Sprague-Thomson is the name of the first rolling stock on the Paris Métro made completely of metal. It replaced the mostly wooden M1.

History

Research before 1908

In light of the Paris Métro train fire of 1903, the Compagnie du chemin de fer métropolitain de Paris (CMP) searched for rolling stock that was both durable and safe.  The Thomson Multiple stock was the most widely adopted at the time, but was complex.  At the same time, the American Sprague stock did not fit the requirements.

Two motors
The Sprague-Thomson was conceived in 1908 through the synthesis of earlier systems and the use of the method of motor control invented by Frank J. Sprague.  Beginning in 1907, the CMP started to construct metallic stock. The motrices 500 (motor cars) formed the first series of Sprague-Thomson, which was referred to familiarly as simply "Sprague". The cars were constructed entirely of metal and each power car had two 175 hp motors. Each train set consisted of five cars, including three power cars, and contained a large compartment of electrical equipment, referred to as a grande loge. After World War I, the motor cars were improved so that the electrical equipment did not take up so much space and thus were called petites loges.

Certain grande loge motor cars were regrouped into sets of two in order to form work trains with two compartments.  These were first painted gray, but later repainted yellow. The arrival of the TMA material in the 1980s and the TME material in the 2000s allowed many of these motor cars to be retired. A project to convert some MF 67 cars for running between depots is in progress to replace the Sprague trains that are currently dedicated to this task. The use of the last Sprague sets ended on 8 March 2011 for health and safety reasons. The T.74, T.91 and T.94 models are preserved by the ADEMAS association, and the T.95 model is preserved by the RATP.

"Nord-Sud" motorcars
The Compagnie du Nord-Sud began construction in 1910 of a new type of Sprague, with four 125 hp motors, and two power cars per train instead of three power cars.  They are painted gray and blue, unlike the dark green of those of the CMP, and red and yellow for first class.  The Nord-Sud also used to have mixed first/second class trailers, which ran on the former line B (St Lazarre - Porte de Saint Ouen / Porte de Clichy).

Power cars with four motors
Little by little, the cars were elongated, from their initial length of  to . Power cars with four 175 hp Traction motors were first used in 1927 and are all  long. The color (dark green, light green, and bluish gray) has varied over time, as well as the number of doors (from three to four). The first class cars are red on the CMP network, and yellow on the Nord-Sud. Some cars are colored half green and half red.  The classic electric multiple unit trainset contains two power cars, each with four motors, powering three trailer cars with the middle one being first class. Power cars with four motors were built until 1936, some being older models reconstructed but practically identical to the new ones.

Decline
In 1956, the transformation of lines to allow the running of bogies with tyres on line 11 resulted in the retirement of many Sprague trains, many of which were turned into maintenance trains.  The same changes occurred on line 1 in 1963 and line 4 in 1967.

End of the model
The introduction of the MF 67 rolling stock on line 3 in 1968 accelerated the replacement of the Sprague.  The MF 67 stock was first introduced on line 7 and then on many other lines.  In 1975, lines Paris Métro Line 2, 3bis, 5, 7bis and 12 were serviced entirely by Sprague trains and lines 8, 9, and 10 were serviced partially by those trains.  The last two-motor power cars were removed from 2 in 1976.  Those on the Nord-Sud had been eliminated by 1972.

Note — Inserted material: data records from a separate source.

text \<open>If every further vertex of the block of ds were adjacent to s, then s could replace ds,
  giving a dominating set of size |D| < \<gamma>.\<close>

lemma block_of_owner_of_s:
  assumes ds: "M s \<inter> D = {ds}"
  obtains t where "M ds = {ds, s, t}" and "t \<noteq> ds" and "t \<noteq> s" and "\<not> E s t"
proof -
  note ds_facts = owner_of_s[OF ds]
  have "\<exists>t\<in>M ds. t \<noteq> ds \<and> t \<noteq> s \<and> \<not> E s t"
  proof (rule ccontr)
    assume none: "\<not> ?thesis"
    let ?S = "insert s (D - {ds})"
    have "dominating V E ?S"
    proof (rule dominating_exchange)
      show "?S \<subseteq> V" using s_in_V D_subset by auto
      show "v \<in> ?S \<or> (\<exists>y\<in>?S. E v y)" using leaf by auto
      fix d x assume "d \<in> D - ?S" and x: "x \<in> M d - ?S"
      then have "d = ds" by auto
      then have "x = ds \<or> E s x" using none x by auto
      then show "\<exists>y\<in>?S. E x y" using ds_facts(4) sym by auto
    qed
    moreover have "card ?S = card D"
      using s_notin_D ds_facts(1) finite_D card_gt_0_iff[of D] by auto
    ultimately show False using card_D_lt_card_dominating by fastforce
  qed
  then obtain t where t: "t \<in> M ds" "t \<noteq> ds" "t \<noteq> s" "\<not> E s t" by blast
  have sub: "{ds, s, t} \<subseteq> M ds" using t(1) ds_facts(5) ds_facts(2) D_subset ds_facts(1)
    by (auto simp: mem_M)
  moreover have "card {ds, s, t} = 3" using t ds_facts(3) by simp
  ultimately have "3 \<le> card (M ds)" using card_mono[OF finite_M] by metis
  then have "card (M ds) = 3" using card_M_eq_3(1) ds_facts(1) by blast
  then have "M ds = {ds, s, t}" using sub \<open>card {ds, s, t} = 3\<close> finite_M by (metis card_seteq order_refl)
  then show ?thesis using that t by blast
qed

text \<open>A further neighbour w of t lies in a block {d', w} of size 2, and then s and w can replace
  ds and d', again giving a dominating set of size |D| < \<gamma>.\<close>

lemma block_vertex_is_leaf:
  assumes ds: "M s \<inter> D = {ds}"
    and t: "M ds = {ds, s, t}" "t \<noteq> ds" "t \<noteq> s" "\<not> E s t"
    and "E t w"
  shows "w = ds"
proof (rule ccontr)
  assume "w \<noteq> ds"
  note ds_facts = owner_of_s[OF ds]
  have t_in: "t \<in> V" "t \<noteq> v" "E ds t" using t(1,2) mem_M[OF ds_facts(2), of t] by auto
  have w_in: "w \<in> V" "w \<noteq> v"
    using \<open>E t w\<close> edge_in_V(2) sym[OF \<open>E t w\<close>] leaf[of t] t(3) by auto
  have "w \<notin> M ds" using t \<open>w \<noteq> ds\<close> \<open>E t w\<close> irrefl sym by auto
  obtain d' where d': "M w \<inter> D = {d'}" using M_owner w_in by blast
  then have d'_in: "d' \<in> D" "d' \<noteq> v" using D_subset by auto
  have w_in_M: "w \<in> M d'" using d' mem_M_commute[OF w_in(2) d'_in(2)] by blast
  then have "d' \<noteq> ds" using \<open>w \<notin> M ds\<close> by blast
  have "d' \<noteq> w"
  proof
    assume "d' = w"
    obtain e where e: "M t \<inter> D = {e}" using M_owner t_in by blast
    have "w \<in> M t \<inter> D" "ds \<in> M t \<inter> D"
      using \<open>d' = w\<close> d'_in \<open>E t w\<close> w_in t_in(2) ds_facts(1,2) sym[OF t_in(3)] D_subset
      by (auto simp: mem_M[OF t_in(2)])
    then show False using e \<open>w \<noteq> ds\<close> by auto
  qed
  have "card (M ds) = 3" using t ds_facts(3) by simp
  then have "card (M d') = 2" using card_M_eq_3(2)[OF ds_facts(1) _ d'_in(1) \<open>d' \<noteq> ds\<close>] by simp
  moreover have "{d', w} \<subseteq> M d'" using w_in_M d'_in D_subset by (auto simp: mem_M)
  moreover have "card {d', w} = 2" using \<open>d' \<noteq> w\<close> by simp
  ultimately have M_d': "M d' = {d', w}" using card_seteq[OF finite_M] by (metis order_refl)
  have "E d' w" using w_in_M \<open>d' \<noteq> w\<close> mem_M[OF d'_in(2)] by simp
  let ?S = "insert s (insert w (D - {ds, d'}))"
  have "dominating V E ?S"
  proof (rule dominating_exchange)
    show "?S \<subseteq> V" using s_in_V w_in D_subset by auto
    show "v \<in> ?S \<or> (\<exists>y\<in>?S. E v y)" using leaf by auto
    fix d x assume d: "d \<in> D - ?S" and x: "x \<in> M d - ?S"
    then have "d = ds \<or> d = d'" by blast
    then have "(d = ds \<and> x \<in> {ds, t}) \<or> (d = d' \<and> x = d')" using x t(1) M_d' by blast
    then show "\<exists>y\<in>?S. E x y" using sym[OF ds_facts(4)] \<open>E t w\<close> \<open>E d' w\<close> by auto
  qed
  moreover have "card ?S \<le> card D"
  proof -
    have "{ds, d'} \<subseteq> D" "card {ds, d'} = 2" using ds_facts(1) d'_in(1) \<open>d' \<noteq> ds\<close> by auto
    then have "card (D - {ds, d'}) + 2 = card D"
      using card_Diff_subset[OF _ \<open>{ds, d'} \<subseteq> D\<close>] card_mono[OF finite_D \<open>{ds, d'} \<subseteq> D\<close>]
      by simp
    moreover have "card ?S \<le> card (D - {ds, d'}) + 2" using finite_D by (simp add: card_insert_if)
    ultimately show ?thesis by linarith
  qed
  ultimately show False using card_D_lt_card_dominating by fastforce
qed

The arrival of the MF 77 accelerated the removal of Sprague trains which by that time were found only on line 9.  By 1982 they had virtually been entirely retired, but the flooding of the station Église de Pantin put a number of MF 67 trains out of service.  As a result, line 5 borrowed stock from line 9, and the Sprague was active again.  The last four Sprague trains of line 9 stopped service on April 16, 1983, with some festivities, after 75 years of service. The last trains in service were yellow; however, it is possible that certain trains from 1908 to 1910 had run for 65 years.

Since 11 May 2010, the RATP has prohibited Sprague stock from passenger service. This prohibition does not affect train set A.475, which specially modified to allow it to run, for example, on European Heritage days.

Legacy
The RATP has preserved three Sprague train sets, only one of which is currently usable by passengers.  From time to time it is exhibited on certain lines and by organisations such as ADEMAS or COPEF, or used in movies, e.g. in Les Femmes de l'ombre. A number of cars are in museums, and those serving as maintenance trains are approaching the age of 100.

Five cars (of which two are 2nd class, with their power car, and one is 1st class, with a trailer) were classified as historical monuments on December 18, 1998.  Another car, a second class power car, is preserved at the Vaugirard depot and was 'classified' on 17 February 2000.